[[ Information supplied open ]]

(* Let $(\Omega,\mathcal G,\mathbb P)$ be a probability space, $\mathcal F=(\mathcal F_t)_{t\in[0,\infty)}$ a filtration with $\mathcal F_\infty\subset\mathcal G$, and $X$ an $\mathbb R^d$-valued Lévy process relative to $\mathcal F$. Let $R:\Omega\to[0,\infty]$ be $\mathcal G$-measurable with $\mathbb P(R<\infty)>0$ and $\mathbb P'(\cdot):=\mathbb P(\cdot\mid R<\infty)$ on $\mathcal G|_{\{R<\infty\}}$. (I) Suppose $\mathcal F_R'$ is independent of $\Delta_RX$ under $\mathbb P'$, and let $P:\Omega\to[0,\infty]$ be $\mathcal G$-measurable with $\mathbb P(P<\infty)>0$ and $\llbracket P\rrbracket=A\cap\llbracket R\rrbracket$ for some $A\in\mathcal O\cup\sigma_{\Omega\times[0,\infty)}(\blacktriangle X)$. Set $\mathcal L'$ to be the law of $\Delta_RX$ under $\mathbb P'$ and $\mathbb P^{:}(F):=\mathbb P(F\mid P<\infty)$ for $F\in\mathcal G|_{\{P<\infty\}}$. (a) If $A\in\mathcal O$, then $\Delta_PX$ is independent of $\mathcal F_P'$ under $\mathbb P^{:}$ and the law of $\Delta_PX$ under $\mathbb P^{:}$ is $\mathcal L'$. (b) If $A=(\blacktriangle X)^{-1}(\Gamma)$ for some $\Gamma\in\mathcal D$, then $\Delta_PX$ is independent of $\mathcal F_P'$ under $\mathbb P^{:}$ and the law of $\Delta_PX$ under $\mathbb P^{:}$ is $\mathcal L'(\cdot\mid\Gamma)$. (II) Conversely, let $R_1,R_2:\Omega\to[0,\infty]$ be $\mathcal G$-measurable with $\mathbb P(R_i<\infty)>0$, set $\mathbb P^i(F):=\mathbb P(F\mid R_i<\infty)$ for $F\in\mathcal G|_{\{R_i<\infty\}}$, and suppose $\Delta_{R_i}X$ is independent of $\mathcal F_{R_i}'$ under $\mathbb P^i$ for $i\in\{1,2\}$. (i) If there is $A\in\mathcal O$ with, up to evanescence, $\llbracket R_1\rrbracket=\llbracket R\rrbracket\cap A$ and $\llbracket R_2\rrbracket=\llbracket R\rrbracket\cap A^c$, and if the law $\mathcal M$ of $\Delta_{R_1}X$ under $\mathbb P^1$ equals the law of $\Delta_{R_2}X$ under $\mathbb P^2$, then $\mathcal F_R'$ is independent of $\Delta_RX$ under $\mathbb P'$ and the law of $\Delta_RX$ under $\mathbb P'$ is $\mathcal M$. (ii) If there is $\Gamma\in\mathcal D$ with $\llbracket R_1\rrbracket=\llbracket R\rrbracket\cap\{\blacktriangle X\in\Gamma\}$ and $\llbracket R_2\rrbracket=\llbracket R\rrbracket\cap\{\blacktriangle X\notin\Gamma\}$, if $\mathcal F_R'$ is independent of $\mathbb 1_\Gamma(\Delta_RX)$ under $\mathbb P'$, and if there is a probability law $\mathcal M$ on $(\mathbb D,\mathcal D)$ with $\mathbb P'(\Delta_RX\in\Gamma)=\mathcal M(\Gamma)$, the law of $\Delta_{R_1}X$ under $\mathbb P^1$ equal to $\mathcal M(\cdot\mid\Gamma)$ and the law of $\Delta_{R_2}X$ under $\mathbb P^2$ equal to $\mathcal M(\cdot\mid\mathbb D\setminus\Gamma)$, then $\mathcal F_R'$ is independent of $\Delta_RX$ under $\mathbb P'$ and the law of $\Delta_RX$ under $\mathbb P'$ is $\mathcal M$.
   Context: $X$ being a Lévy process relative to $\mathcal F$ means: $X$ is $\mathcal F$-adapted, has càdlàg paths, $X_0=0$ a.s., and for $0\le s\le t$, $X_t-X_s$ is independent of $\mathcal F_s$ and has the law of $X_{t-s}$. $(\mathbb D,\mathcal D)$ is the space of càdlàg paths $[0,\infty)\to\mathbb R^d$ with the $\sigma$-field generated by the coordinate projections. For a random time $S$, on $\{S<\infty\}$, $\Delta_SX:=(X_{S+t}-X_S)_{t\ge0}$; $\blacktriangle X:\Omega\times[0,\infty)\to\mathbb D$ is $(\omega,t)\mapsto\Delta_tX(\omega)$, and $\sigma_{\Omega\times[0,\infty)}(\blacktriangle X)$ is the $\sigma$-field it generates. $\mathcal O$ is the optional $\sigma$-field on $\Omega\times[0,\infty)$, generated by the $\mathcal F$-adapted càdlàg real processes. For a random time $S$, $\mathcal F_S'$ is the $\sigma$-field on $\{S<\infty\}$ generated by $Z_S$ as $Z$ ranges over $\mathcal O$-measurable real processes. $\llbracket S\rrbracket=\{(\omega,t):S(\omega)=t\}$ is the graph of $S$ (in $\Omega\times[0,\infty)$). "Up to evanescence" means up to a set whose projection on $\Omega$ is contained in a $\mathbb P$-null set. *)

theory Defs
  imports "HOL-Probability.Probability"
begin

definition cadlag :: "(real \<Rightarrow> 'v::topological_space) \<Rightarrow> bool" where
  "cadlag w \<longleftrightarrow> (\<forall>t\<ge>0. (w \<longlongrightarrow> w t) (at_right t)) \<and> (\<forall>t>0. \<exists>l. (w \<longlongrightarrow> l) (at_left t))"

text \<open>Path space D of cadlag paths [0,oo) -> R^d (paths normalised to 0 on negative times),
  with the sigma-field generated by the coordinate projections.\<close>
definition Dspace :: "(real \<Rightarrow> real ^ 'd) set" where
  "Dspace = {w. cadlag w \<and> (\<forall>s<0. w s = 0)}"

definition Dmeas :: "(real \<Rightarrow> real ^ 'd) measure" where
  "Dmeas = sigma Dspace {{w \<in> Dspace. w t \<in> B} | t B. 0 \<le> t \<and> B \<in> sets (borel :: (real ^ 'd) measure)}"

definition filtration_on :: "'a measure \<Rightarrow> (real \<Rightarrow> 'a measure) \<Rightarrow> bool" where
  "filtration_on M F \<longleftrightarrow> (\<forall>t\<ge>0. subalgebra M (F t)) \<and>
     (\<forall>s t. 0 \<le> s \<longrightarrow> s \<le> t \<longrightarrow> sets (F s) \<subseteq> sets (F t))"

definition indep_rv :: "'a measure \<Rightarrow> 'a set set \<Rightarrow> ('a \<Rightarrow> 'b) \<Rightarrow> 'b measure \<Rightarrow> bool" where
  "indep_rv N \<A> Y Mv \<longleftrightarrow> prob_space.indep_set N \<A> {Y -` B \<inter> space N | B. B \<in> sets Mv}"

definition levy :: "'a measure \<Rightarrow> (real \<Rightarrow> 'a measure) \<Rightarrow> (real \<Rightarrow> 'a \<Rightarrow> real ^ 'd) \<Rightarrow> bool" where
  "levy M F X \<longleftrightarrow>
     (\<forall>t\<ge>0. X t \<in> borel_measurable (F t)) \<and>
     (\<forall>\<omega>\<in>space M. cadlag (\<lambda>t. X t \<omega>)) \<and>
     (AE \<omega> in M. X 0 \<omega> = 0) \<and>
     (\<forall>s t. 0 \<le> s \<longrightarrow> s \<le> t \<longrightarrow>
        indep_rv M (sets (F s)) (\<lambda>\<omega>. X t \<omega> - X s \<omega>) borel \<and>
        distr M borel (\<lambda>\<omega>. X t \<omega> - X s \<omega>) = distr M borel (X (t - s)))"

definition optional :: "'a measure \<Rightarrow> (real \<Rightarrow> 'a measure) \<Rightarrow> ('a \<times> real) measure" where
  "optional M F = sigma (space M \<times> {0..})
     {{p \<in> space M \<times> {0..}. Z (snd p) (fst p) \<in> B} | (Z :: real \<Rightarrow> 'a \<Rightarrow> real) B.
        (\<forall>t\<ge>0. Z t \<in> borel_measurable (F t)) \<and> (\<forall>\<omega>\<in>space M. cadlag (\<lambda>t. Z t \<omega>)) \<and>
        B \<in> sets (borel :: real measure)}"

definition fin :: "'a measure \<Rightarrow> ('a \<Rightarrow> ennreal) \<Rightarrow> 'a set" where
  "fin M S = {\<omega> \<in> space M. S \<omega> < \<infinity>}"

definition Fprime :: "'a measure \<Rightarrow> (real \<Rightarrow> 'a measure) \<Rightarrow> ('a \<Rightarrow> ennreal) \<Rightarrow> 'a measure" where
  "Fprime M F S = sigma (fin M S)
     {{\<omega> \<in> fin M S. Z (\<omega>, enn2real (S \<omega>)) \<in> B} | Z B.
        Z \<in> borel_measurable (optional M F) \<and> B \<in> sets (borel :: real measure)}"

definition shiftX :: "(real \<Rightarrow> 'a \<Rightarrow> real ^ 'd) \<Rightarrow> ('a \<Rightarrow> ennreal) \<Rightarrow> 'a \<Rightarrow> real \<Rightarrow> real ^ 'd" where
  "shiftX X S \<omega> = (\<lambda>s. if 0 \<le> s then X (enn2real (S \<omega>) + s) \<omega> - X (enn2real (S \<omega>)) \<omega> else 0)"

definition blackX :: "(real \<Rightarrow> 'a \<Rightarrow> real ^ 'd) \<Rightarrow> 'a \<times> real \<Rightarrow> real \<Rightarrow> real ^ 'd" where
  "blackX X p = (\<lambda>s. if 0 \<le> s then X (snd p + s) (fst p) - X (snd p) (fst p) else 0)"

definition sigma_blackX :: "'a measure \<Rightarrow> (real \<Rightarrow> 'a \<Rightarrow> real ^ 'd) \<Rightarrow> ('a \<times> real) set set" where
  "sigma_blackX M X = {blackX X -` \<Gamma> \<inter> (space M \<times> {0..}) | \<Gamma>. \<Gamma> \<in> sets Dmeas}"

definition graph :: "'a measure \<Rightarrow> ('a \<Rightarrow> ennreal) \<Rightarrow> ('a \<times> real) set" where
  "graph M S = {(\<omega>, t). \<omega> \<in> space M \<and> 0 \<le> t \<and> S \<omega> = ennreal t}"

[[ Information supplied closed ]]

▶ **Aim of the task**:
Whichever lines of the records above hold the word "sets" should all be copied out.

▶ **Result for this task**:
  "Dmeas = sigma Dspace {{w \<in> Dspace. w t \<in> B} | t B. 0 \<le> t \<and> B \<in> sets (borel :: (real ^ 'd) measure)}"
     (\<forall>s t. 0 \<le> s \<longrightarrow> s \<le> t \<longrightarrow> sets (F s) \<subseteq> sets (F t))"
  "indep_rv N \<A> Y Mv \<longleftrightarrow> prob_space.indep_set N \<A> {Y -` B \<inter> space N | B. B \<in> sets Mv}"
        indep_rv M (sets (F s)) (\<lambda>\<omega>. X t \<omega> - X s \<omega>) borel \<and>
        B \<in> sets (borel :: real measure)}"
        Z \<in> borel_measurable (optional M F) \<and> B \<in> sets (borel :: real measure)}"
  "sigma_blackX M X = {blackX X -` \<Gamma> \<inter> (space M \<times> {0..}) | \<Gamma>. \<Gamma> \<in> sets Dmeas}"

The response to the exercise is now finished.